Wie einige sich hier bestimmt errinern gab es vor etlicher Zeit einmal ein Crysis Coop Projekt, welches viele glaubten, mich eingeschlossen, schon längst auf Grundeis gelegt worden sei. Dem ist aber ein Glück nicht so.Für die Unwissenden, bei dem Mod handelt es sich im überigen um eine Modifizierung von Crysis Wars um die Kampagne im Coop spielen zu können.
Seit dem 01.12.11 gib es nun ein Update zu diesen in Form einer News, übersetzen möchte ich diese nicht, da ich nicht gut in der Übersetzung bin um es "schön" wieder zugeben, deswegen der Link:

http://www.moddb.com/mods/crysis-co-op


Dort kann man dann auch lesen das es sich bei dem Coop Team für Crysis 1 auch um das für den Coop vom zweiten Teil handelt. Für diesen Kann man im überigen neuerdings schon das Demo-Release herunterladen.

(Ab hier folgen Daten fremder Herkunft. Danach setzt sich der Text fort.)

text \<open>The rearrangement of u sorted in the same order as c: the j-th largest entry of u is
  placed at the index of the j-th largest entry of c.\<close>

lemma inner_le_inner_rearrangement:
  fixes x u c :: "real^'n"
  assumes maj: "u \<ge>\<^sub>m x"
  obtains w where "w \<in> rearrangements u" "inner c x \<le> inner c w"
proof -
  let ?n = "CARD('n)" and ?L = "desc_indices c" and ?Lu = "desc_indices u"
  define a where "a k = c $ (?L ! k)" for k
  define b where "b k = x $ (?L ! k)" for k
  define d where "d k = u $ (?Lu ! k)" for k
  define \<sigma> where "\<sigma> = (\<lambda>k. ?Lu ! k) \<circ> inv_into {..<?n} (\<lambda>k. ?L ! k)"
  have bL: "bij_betw (\<lambda>k. ?L ! k) {..<?n} UNIV" by (rule bij_betw_desc_indices_nth)
  have "bij_betw \<sigma> UNIV UNIV"
    unfolding \<sigma>_def
    using bij_betw_trans[OF bij_betw_inv_into[OF bL] bij_betw_desc_indices_nth] .
  then have perm: "\<sigma> permutes UNIV" by (rule bij_imp_permutes) simp
  have \<sigma>: "\<sigma> (?L ! k) = ?Lu ! k" if "k < ?n" for k
    unfolding \<sigma>_def using bL that by (simp add: bij_betw_def inv_into_f_f)
  have cx: "inner c x = (\<Sum>k<?n. a k * b k)"
    unfolding inner_vec_def a_def b_def using sum_desc_indices[of "\<lambda>i. inner (c$i) (x$i)" c]
    by simp
  have "inner c (\<chi> i. u $ \<sigma> i) = (\<Sum>k<?n. c $ (?L!k) * u $ \<sigma> (?L!k))"
    unfolding inner_vec_def using sum_desc_indices[of "\<lambda>i. inner (c$i) (u $ \<sigma> i)" c] by simp
  also have "\<dots> = (\<Sum>k<?n. a k * d k)"
    by (rule sum.cong) (auto simp: \<sigma> a_def d_def)
  finally have cw: "inner c (\<chi> i. u $ \<sigma> i) = (\<Sum>k<?n. a k * d k)" .
  have partial_b: "(\<Sum>i<j. b i) \<le> top_sum x j" if "j \<le> ?n" for j
  proof -
    have "(\<Sum>i<j. b i) = (\<Sum>i\<in>top_indices c j. x$i)"
      using sum_top_indices[OF that, of "\<lambda>i. x$i" c] by (simp add: b_def)
    also have "\<dots> \<le> top_sum x j"
      by (rule sum_le_top_sum) (rule card_top_indices[OF that])
    finally show ?thesis .
  qed
  have partial_d: "(\<Sum>i<j. d i) = top_sum u j" if "j \<le> ?n" for j
    using top_sum_eq_sum_desc_indices[OF that] by (simp add: d_def)
  have "inner c x \<le> inner c (\<chi> i. u $ \<sigma> i)"
    unfolding cx cw
  proof (rule sum_mult_le_if_partial_sums_le)
    show "a (Suc k) \<le> a k" if "Suc k < ?n" for k
      unfolding a_def using desc_indices_nth_mono[of k "Suc k" c] that by auto
    show "(\<Sum>i\<le>k. b i) \<le> (\<Sum>i\<le>k. d i)" if "Suc k < ?n" for k
      using partial_b[of "Suc k"] partial_d[of "Suc k"] that
        top_sum_le_if_majorizes[OF maj, of "Suc k"]
      by (simp add: lessThan_Suc_atMost)
    have "(\<Sum>i<?n. b i) = top_sum x ?n"
      using sum_desc_indices[of "\<lambda>i. x$i" c] sum_desc_indices[of "\<lambda>i. x$i" x]
        top_sum_eq_sum_desc_indices[of ?n x] by (simp add: b_def)
    then show "(\<Sum>i<?n. b i) = (\<Sum>i<?n. d i)"
      using partial_d[of ?n] maj by (simp add: majorizes_iff_top_sum)
  qed
  moreover have "(\<chi> i. u $ \<sigma> i) \<in> rearrangements u"
    using perm unfolding rearrangements_def by blast
  ultimately show ?thesis using that by blast
qed

lemma majorized_in_convex_hull_rearrangements:
  fixes x u :: "real^'n"
  assumes "u \<ge>\<^sub>m x"
  shows "x \<in> convex hull (rearrangements u)"
proof (rule ccontr)
  assume "x \<notin> convex hull (rearrangements u)"
  moreover have "closed (convex hull (rearrangements u))"
    by (simp add: compact_imp_closed finite_imp_compact_convex_hull finite_rearrangements)
  ultimately obtain a b where ab: "inner a x < b" "\<forall>y\<in>convex hull rearrangements u. inner a y > b"
    using separating_hyperplane_closed_point[OF convex_convex_hull] by blast
  obtain w where w: "w \<in> rearrangements u" "inner (-a) x \<le> inner (-a) w"
    using inner_le_inner_rearrangement[OF assms] .
  have "inner a w > b" using ab(2) hull_inc[OF w(1)] by blast
  with ab(1) w(2) show False by simp
qed

lemma majorization_maximal_rearrangement:
  assumes "permutation_invariant P" "schur_concave_on P \<phi>" "x \<in> P"
    and "majorization_maximal P u" "u \<ge>\<^sub>m x" "w \<in> rearrangements u"
  shows "majorization_maximal P w" "\<phi> w \<le> \<phi> x"
proof -
  obtain \<sigma> where \<sigma>: "\<sigma> permutes UNIV" "w = (\<chi> i. u $ \<sigma> i)"
    using assms(6) unfolding rearrangements_def by blast
  show max: "majorization_maximal P w"
    unfolding \<sigma>(2) using majorization_maximal_permute[OF assms(1,4) \<sigma>(1)] .
  have "w \<ge>\<^sub>m x" unfolding \<sigma>(2) majorizes_permute_left[OF \<sigma>(1)] by (rule assms(5))
  then show "\<phi> w \<le> \<phi> x"
    using assms(2,3) max unfolding schur_concave_on_def majorization_maximal_def by blast
qed

theorem mainTheorem12:
  fixes P :: "(real^'n) set" and \<phi> :: "real^'n \<Rightarrow> real" and \<alpha> :: real
  assumes "polytope P"
    and "permutation_invariant P"
    and "schur_concave_on P \<phi>"
  defines "S \<equiv> {(x, t). x \<in> P \<and> \<phi> x \<le> t \<and> t \<le> \<alpha>}"
    and "X \<equiv> {(x, t). x \<in> {y \<in> P. \<not> (\<exists>u\<in>P. u \<ge>\<^sub>m y \<and> sorted_desc u \<noteq> sorted_desc y)} \<and> \<phi> x \<le> t \<and> t \<le> \<alpha>}"
  shows "convex hull S = convex hull X"
proof
  have X: "X = {(x, t). majorization_maximal P x \<and> \<phi> x \<le> t \<and> t \<le> \<alpha>}"
    unfolding X_def majorization_maximal_def by simp
  show "convex hull X \<subseteq> convex hull S"
    by (rule hull_mono) (auto simp: S_def X_def)
  have "(x, t) \<in> convex hull X" if "x \<in> P" "\<phi> x \<le> t" "t \<le> \<alpha>" for x t
  proof -
    obtain u where u: "majorization_maximal P u" "u \<ge>\<^sub>m x"
      using exists_majorization_maximal[OF polytope_imp_compact[OF assms(1)] \<open>x \<in> P\<close>] .
    have "rearrangements u \<times> {t} \<subseteq> X"
      using majorization_maximal_rearrangement[OF assms(2,3) \<open>x \<in> P\<close> u] that
      by (fastforce simp: X)
    then have "convex hull (rearrangements u \<times> {t}) \<subseteq> convex hull X" by (rule hull_mono)
    moreover have "(x, t) \<in> convex hull (rearrangements u \<times> {t})"
      using majorized_in_convex_hull_rearrangements[OF u(2)] by (simp add: convex_hull_Times)
    ultimately show ?thesis by blast
  qed
  then show "convex hull S \<subseteq> convex hull X"
    by (intro hull_minimal convex_convex_hull) (auto simp: S_def)
qed

end
text \<open>The last factor now contributes the only letter \<open>\<sigma>\<^sub>q\<^sup>\<plusminus>\<^sup>1\<close>; it is destabilized,
  after which its conjugating words cancel.\<close>

lemma markov_equiv_factors:
  assumes "1 \<le> n" "admissible n E g a" "valid_word n T"
  shows "markov_equiv (n + a, factors E g n (n + a) a @ T) (n, concat (map E [1..<a + 1]) @ T)"
  using assms
proof (induction a arbitrary: T)
  case (Suc a)
  define q where "q = n + a"
  let ?Pre = "factors E g n q a @ E (Suc a)" and ?s = "g (Suc a)"
  have E: "valid_word n (E (Suc a))" "?s = 1 \<or> ?s = -1" "admissible n E g a"
    using Suc.prems by (auto simp: admissible_Suc)
  have valid: "valid_word q ?Pre" "valid_word q T"
    "valid_word q (sigma_desc_inv n q)" "valid_word q (sigma_desc n q)"
    using Suc.prems E valid_word_mono[of n _ q]
    by (auto simp: q_def intro!: valid_factors valid_sigma_desc_inv valid_sigma_desc)
  have "braid_eq (Suc q) (factors E g n (Suc q) (Suc a) @ T)
      (((?Pre @ sigma_desc_inv n q) @ [?s * int q] @ sigma_desc n q) @ T)"
    using braid_eq_append_context[OF braid_eq_factors_split_last[of n a q E g], of "[]" T]
      Suc.prems valid valid_word_mono[of q _ "Suc q"] by (simp add: q_def)
  then have "markov_equiv (Suc q, factors E g n (Suc q) (Suc a) @ T)
      (Suc q, (?Pre @ sigma_desc_inv n q) @ [?s * int q] @ (sigma_desc n q @ T))"
    by (intro braid_eq_imp_markov_equiv) simp
  also have "markov_equiv \<dots> (q, ?Pre @ (sigma_desc_inv n q @ sigma_desc n q) @ T)"
    using markov_equiv_destabilize[of q "?Pre @ sigma_desc_inv n q" "sigma_desc n q @ T" "?s * int q"]
      valid Suc.prems E by (auto simp: q_def)
  also have "markov_equiv \<dots> (q, ?Pre @ [] @ T)"
    using valid Suc.prems
    by (intro braid_eq_imp_markov_equiv braid_eq_append_context braid_eq_sigma_desc_inv_desc) auto
  also have "\<dots> = (n + a, factors E g n (n + a) a @ (E (Suc a) @ T))"
    by (simp add: q_def)
  also have "markov_equiv \<dots> (n, concat (map E [1..<a + 1]) @ (E (Suc a) @ T))"
    using Suc.prems E by (intro Suc.IH) auto
  finally show ?case by (simp add: q_def)
qed (simp add: factors_def)

theorem lemma3p1:
  fixes p a :: nat and g :: "nat \<Rightarrow> nat \<Rightarrow> int"
  assumes "1 \<le> a" and "a < p"
    and "\<forall>i\<in>{1..a}. \<forall>j\<in>{1..p - a}. g i j = 1 \<or> g i j = -1"
  shows "let eta' = (\<lambda>i. map (\<lambda>j. g i j * int j) [1..<p - a]);
             eta = (\<lambda>i. eta' i @ [g i (p - a) * int (p - a)]);
             kappa = (\<lambda>j. map int [p - a + 1..<j + 1]);
             tl_inv = (\<lambda>k. map (\<lambda>m. - int m) [p - k + 1..<p])
         in markov_equiv
              (p, concat (map (\<lambda>k. eta k @ kappa (p - k) @ tl_inv k) [1..<a + 1]))
              (p - a, concat (map eta' [1..<a + 1]))"
proof -
  define n where "n = p - a"
  define E where "E = (\<lambda>i. map (\<lambda>j. g i j * int j) [1..<n])"
  have n: "1 \<le> n" "n + a = p" using assms by (auto simp: n_def)
  have "admissible n E (\<lambda>k. g k n) a"
    unfolding admissible_def
  proof
    fix k assume k: "k \<in> {1..a}"
    then have signs: "g k j = 1 \<or> g k j = -1" if "1 \<le> j" "j \<le> n" for j
      using assms(3) that by (simp add: n_def)
    then have "valid_word n (E k)"
      by (force simp: E_def valid_word_def)
    with signs n show "valid_word n (E k) \<and> (g k n = 1 \<or> g k n = -1)" by simp
  qed
  then have "markov_equiv (p, factors E (\<lambda>k. g k n) n p a @ []) (n, concat (map E [1..<a + 1]) @ [])"
    using markov_equiv_factors[of n E _ a "[]"] n by simp
  then show ?thesis
    by (simp add: Let_def factors_def factor_def[abs_def] sigma_asc_def sigma_desc_inv_def E_def n_def
        del: upt_Suc)
qed

end
lemma bdry_cone_chain_cycle:
  "a \<in> {1..n} \<Longrightarrow> bdry n c = (\<lambda>_. 0) \<Longrightarrow> bdry n (cone_chain a c) = (c :: nat set \<Rightarrow> 'k::field)"
  by (rule ext) (simp add: bdry_cone_chain cone_chain_def)

lemma bdry_cone_chain_restrict:
  fixes z :: "nat set \<Rightarrow> 'k::field"
  assumes b: "b \<in> {1..n}" and z: "bdry n z = (\<lambda>_. 0)"
  shows "bdry n (cone_chain b (\<lambda>G. if b \<notin> G then z G else 0)) = z"
proof -
  define p where "p = link_chain b z"
  define q where "q = (\<lambda>G. if b \<notin> G then z G else 0)"
  have z_eq: "z = (\<lambda>G. cone_chain b p G + q G)"
    using cone_chain_link_chain[of b z] unfolding p_def q_def by simp
  have p_eq: "p F = - bdry n q F" if "b \<notin> F" for F
  proof -
    have "0 = bdry n (\<lambda>G. cone_chain b p G + q G) F" using z z_eq by simp
    also have "\<dots> = p F + bdry n q F"
      using that by (simp add: bdry_add bdry_cone_chain[OF b]) (simp add: cone_chain_def)
    finally show ?thesis by (simp add: eq_neg_iff_add_eq_0)
  qed
  have "cone_chain b p G = - cone_chain b (bdry n q) G" for G
    using p_eq by (simp add: cone_chain_def)
  then show ?thesis
    using z_eq bdry_cone_chain[OF b, of q] unfolding q_def by (simp add: fun_eq_iff)
qed

lemma bdry_eq_0_if_bdry_cone_chain:
  fixes u :: "nat set \<Rightarrow> 'k::field"
  assumes a: "a \<in> {1..n}" and u: "\<And>G. a \<in> G \<Longrightarrow> u G = 0"
    and bdry_cone: "\<And>G. a \<in> G \<Longrightarrow> bdry n (cone_chain a u) G = 0"
  shows "bdry n u = (\<lambda>_. 0)"
proof
  fix F
  show "bdry n u F = 0"
  proof (cases "a \<in> F")
    case False
    have "0 = bdry n (cone_chain a u) (insert a F)" using bdry_cone by simp
    also have "\<dots> = - (incidence F a * bdry n u F)"
      using False by (simp add: bdry_cone_chain[OF a] u cone_chain_insert)
    moreover have "incidence F a \<noteq> (0::'k)" by (rule incidence_nonzero)
    ultimately show ?thesis by simp
  qed (meson bdry_eq_0_if_mem u)
qed

text \<open>The terms of \<open>\<partial>\<partial>c\<close> cancel in pairs, swapping the order in which two vertices are added.\<close>
lemma bdry_bdry: "bdry n (bdry n c) G = (0::'k::field)"
proof -
  define S where "S = {1..n} - G"
  define f where "f v w = incidence G v * incidence (insert v G) w * c (insert w (insert v G))" for v w
  define P where "P = {p\<in>S\<times>S. fst p < snd p}"
  have fin: "finite S" unfolding S_def by auto
  have anti: "f v w = - f w v" if "v \<in> S" "w \<in> S" "v \<noteq> w" for v w
  proof -
    have "v \<notin> G" "w \<notin> G" using that unfolding S_def by auto
    then have "incidence (insert v G) w = (if v < w then - incidence G w else (incidence G w :: 'k))"
      "incidence (insert w G) v = (if w < v then - incidence G v else (incidence G v :: 'k))"
      using that by (simp_all add: incidence_insert)
    then show ?thesis
      using that unfolding f_def by (cases "v < w") (auto simp: insert_commute mult.commute mult.left_commute)
  qed
  have "bdry n (bdry n c) G = (\<Sum>v\<in>S. \<Sum>w\<in>S - {v}. f v w)"
    unfolding bdry_def S_def f_def
    by (intro sum.cong refl) (auto simp: sum_distrib_left mult.assoc intro!: sum.cong)
  also have "\<dots> = (\<Sum>p\<in>(SIGMA v:S. S - {v}). f (fst p) (snd p))"
    using fin by (subst sum.Sigma) (auto simp: case_prod_beta)
  also have "(SIGMA v:S. S - {v}) = P \<union> prod.swap ` P"
    unfolding P_def by force
  also have "(\<Sum>p\<in>P \<union> prod.swap ` P. f (fst p) (snd p)) = (\<Sum>p\<in>P. f (fst p) (snd p) + f (snd p) (fst p))"
    using fin unfolding P_def
    by (subst sum.union_disjoint) (auto simp: sum.reindex inj_on_def sum.distrib)
  also have "\<dots> = 0"
    unfolding P_def by (intro sum.neutral) (auto dest: anti)
  finally show ?thesis .
qed

lemma bd_eq_bdry:
  assumes "\<Gamma> \<subseteq> Pow {1..n}" and "c \<in> chains \<Gamma> k"
  shows "bd \<Gamma> c = bdry n (c :: nat set \<Rightarrow> 'k::field)"
proof
  fix G
  have "(\<Sum>v\<in>\<Union>\<Gamma> - G. incidence G v * c (insert v G)) = (\<Sum>v\<in>{1..n} - G. incidence G v * c (insert v G))"
    using assms by (intro sum.mono_neutral_left) (auto simp: chains_def)
  then show "bd \<Gamma> c G = bdry n c G" by (simp add: bd_def bdry_def incidence_def)
qed

lemma homology_vanishes_iff:
  assumes "\<Gamma> \<subseteq> Pow {1..n}"
  shows "homology_vanishes TYPE('k::field) n \<Gamma> k \<longleftrightarrow> \<not> reduced_homology_nonzero TYPE('k) \<Gamma> k"
proof -
  have bd: "bd \<Gamma> c = bdry n c" if "c \<in> (chains \<Gamma> j :: (nat set \<Rightarrow> 'k) set)" for c j
    using bd_eq_bdry[OF assms that] .
  show ?thesis
    unfolding cycles_bound_in_def reduced_homology_nonzero_def
    by (simp add: bd cong: ball_cong bex_cong)
qed

lemma chains_mono: "c \<in> chains \<Gamma> k \<Longrightarrow> \<Gamma> \<subseteq> \<Gamma>' \<Longrightarrow> c \<in> chains \<Gamma>' k"
  unfolding chains_def by auto
lemma closed_form_top_Suc: "closed_form (Suc m) (n - 1) a = closed_form m (n - 1) a"
proof -
  define g where "g t = sc (q ^ t) (gx t 0 a)" for t
  have periodic: "g (t + n) = g t" for t
    unfolding g_def by (simp add: power_add q_power_n)
  have "0 < n" using n_ge_2 by simp
  note shift = sum_periodic_shift[of g n, OF periodic this]
  have top: "closed_form r (n - 1) a = x_one ^ (n - 1) * (\<Sum>k = 0..n - 1. g (r + k))" for r
  proof -
    have "r * (n - 1) + r = n * r" using n_ge_2 by (simp add: algebra_simps)
    then have "inverse q ^ (r * (n - 1)) * inverse q ^ r = (inverse q ^ n) ^ r"
      by (metis power_add power_mult)
    then have inv: "inverse q ^ (r * (n - 1)) * inverse q ^ r = 1"
      by (simp add: power_inverse q_power_n)
    have "inverse q ^ (r * (n - 1)) = inverse q ^ (r * (n - 1)) * (inverse q ^ r * q ^ r)"
      by (simp only: inverse_q_power_mult mult_1_right)
    also have "\<dots> = q ^ r" by (simp only: mult.assoc[symmetric] inv mult_1_left)
    finally have pr: "inverse q ^ (r * (n - 1)) = q ^ r" .
    have coeff: "(\<Sum>k = 0..n - 1. sc (taft_coeff q (n - 1) k) (gx (r + k) 0 a))
        = (\<Sum>k = 0..n - 1. sc (q ^ k) (gx (r + k) 0 a))"
    proof (intro sum.cong refl)
      fix k assume "k \<in> {0..n - 1}"
      then have "k < n" using n_ge_2 by auto
      then show "sc (taft_coeff q (n - 1) k) (gx (r + k) 0 a) = sc (q ^ k) (gx (r + k) 0 a)"
        by (simp only: taft_coeff_pred[OF prim])
    qed
    have "closed_form r (n - 1) a = sc (q ^ r) (x_one ^ (n - 1) * (\<Sum>k = 0..n - 1. sc (q ^ k) (gx (r + k) 0 a)))"
      unfolding closed_form_def pr coeff ..
    also have "\<dots> = x_one ^ (n - 1) * (\<Sum>k = 0..n - 1. sc (q ^ r) (sc (q ^ k) (gx (r + k) 0 a)))"
      by (simp only: scale_sum_right[symmetric] sc_mult_right)
    also have "\<dots> = x_one ^ (n - 1) * (\<Sum>k = 0..n - 1. g (r + k))"
      unfolding g_def by (simp only: scale_scale power_add)
    finally show ?thesis .
  qed
  show ?thesis unfolding top shift ..
qed

lemma gx_top_Suc_if_x_recurrence:
  assumes rec: x_recurrence
  shows "gx (Suc m) (n - 1) a = gx m (n - 1) a"
proof -
  have "n - 1 < n" using n_ge_2 by simp
  then show ?thesis
    using rec closed_form_top_Suc unfolding closed_form_iff_x_recurrence[symmetric] by simp
qed

lemma gx_prod_Suc:
  assumes rec: x_recurrence
  shows "gx_prod m m' j' (Suc k) a = sc (inverse q ^ m) (x_one * (gx_prod m m' j' k a - gx_prod (Suc m) m' j' k a))"
proof (cases "Suc k + j' < n")
  case True
  let ?Z = "gx (m + m') (k + j') a - gx (Suc (m + m')) (k + j') a"
  have "q ^ m' * inverse q ^ m' = 1" using inverse_q_power_mult[of m'] by (simp add: mult.commute)
  then have scalar: "q ^ (Suc k * m') * inverse q ^ (m + m') = q ^ (k * m') * inverse q ^ m"
    by (simp add: power_add algebra_simps)
  have "gx_prod m m' j' (Suc k) a = sc (q ^ (Suc k * m')) (sc (inverse q ^ (m + m')) (x_one * ?Z))"
    unfolding gx_prod_def using True x_recurrenceD[OF rec, of "k + j'" "m + m'" a] by simp
  also have "\<dots> = sc (q ^ (k * m') * inverse q ^ m) (x_one * ?Z)"
    by (simp only: scale_scale scalar)
  also have "\<dots> = sc (inverse q ^ m) (x_one * (gx_prod m m' j' k a - gx_prod (Suc m) m' j' k a))"
    unfolding gx_prod_def using True
    by (simp add: sc_mult_right scale_right_diff_distrib right_diff_distrib mult.commute)
  finally show ?thesis .
next
  case False
  show ?thesis
  proof (cases "k + j' < n")
    case True
    \<comment> \<open>x^(k+j'+1) = 0 here; the recurrence is consistent with this by \<open>closed_form_top_Suc\<close>\<close>
    with False have "k + j' = n - 1" by simp
    then show ?thesis
      unfolding gx_prod_def using True False gx_top_Suc_if_x_recurrence[OF rec, of "m + m'"] by simp
  qed (use False in \<open>simp add: gx_prod_def\<close>)
qed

Die Links zu dem Mod und dem Download: Crysis 2 Co-op mod - Mod DB
Crysis 2 Co-op Demo Release - FIXED download - Mod DB

Hier bei handelt es sich im überigen um meine erste News, also bitte habt Rücksicht, für konstruktive Kritik bin ich auch offen


----------



## kero81 (20. Dezember 2011)

Für die erste News ist es ok. Aaaaber, ich als langer Crysis Spieler hab da mittlerweile eher keine Lust mehr drauf. Es gibt mittlerweile genug andere Games und mich reizt es nicht mehr Cry Koop zu zocken. Trotzdem ne Geile Sache!


----------



## Gooody (20. Dezember 2011)

oblivion coop, ist doch auch so ein quatsch  nein spass beiseite, ich finde es sehr gut das sich privatprogrammierer an soetwas heranwaagen


----------



## Psydoc (23. Dezember 2011)

@*kero81*
naja, konstruktive kritik ist es nicht gerade die news zu bemängeln weil dir crysis zum hals raus hängt und dich somit der coop mod nicht (mehr?) interessiert.
auch wenn ich´s deswegen denk nicht nochmal zocken werde trotzdem ganz interessant das weiter daran gearbeitet wird.


----------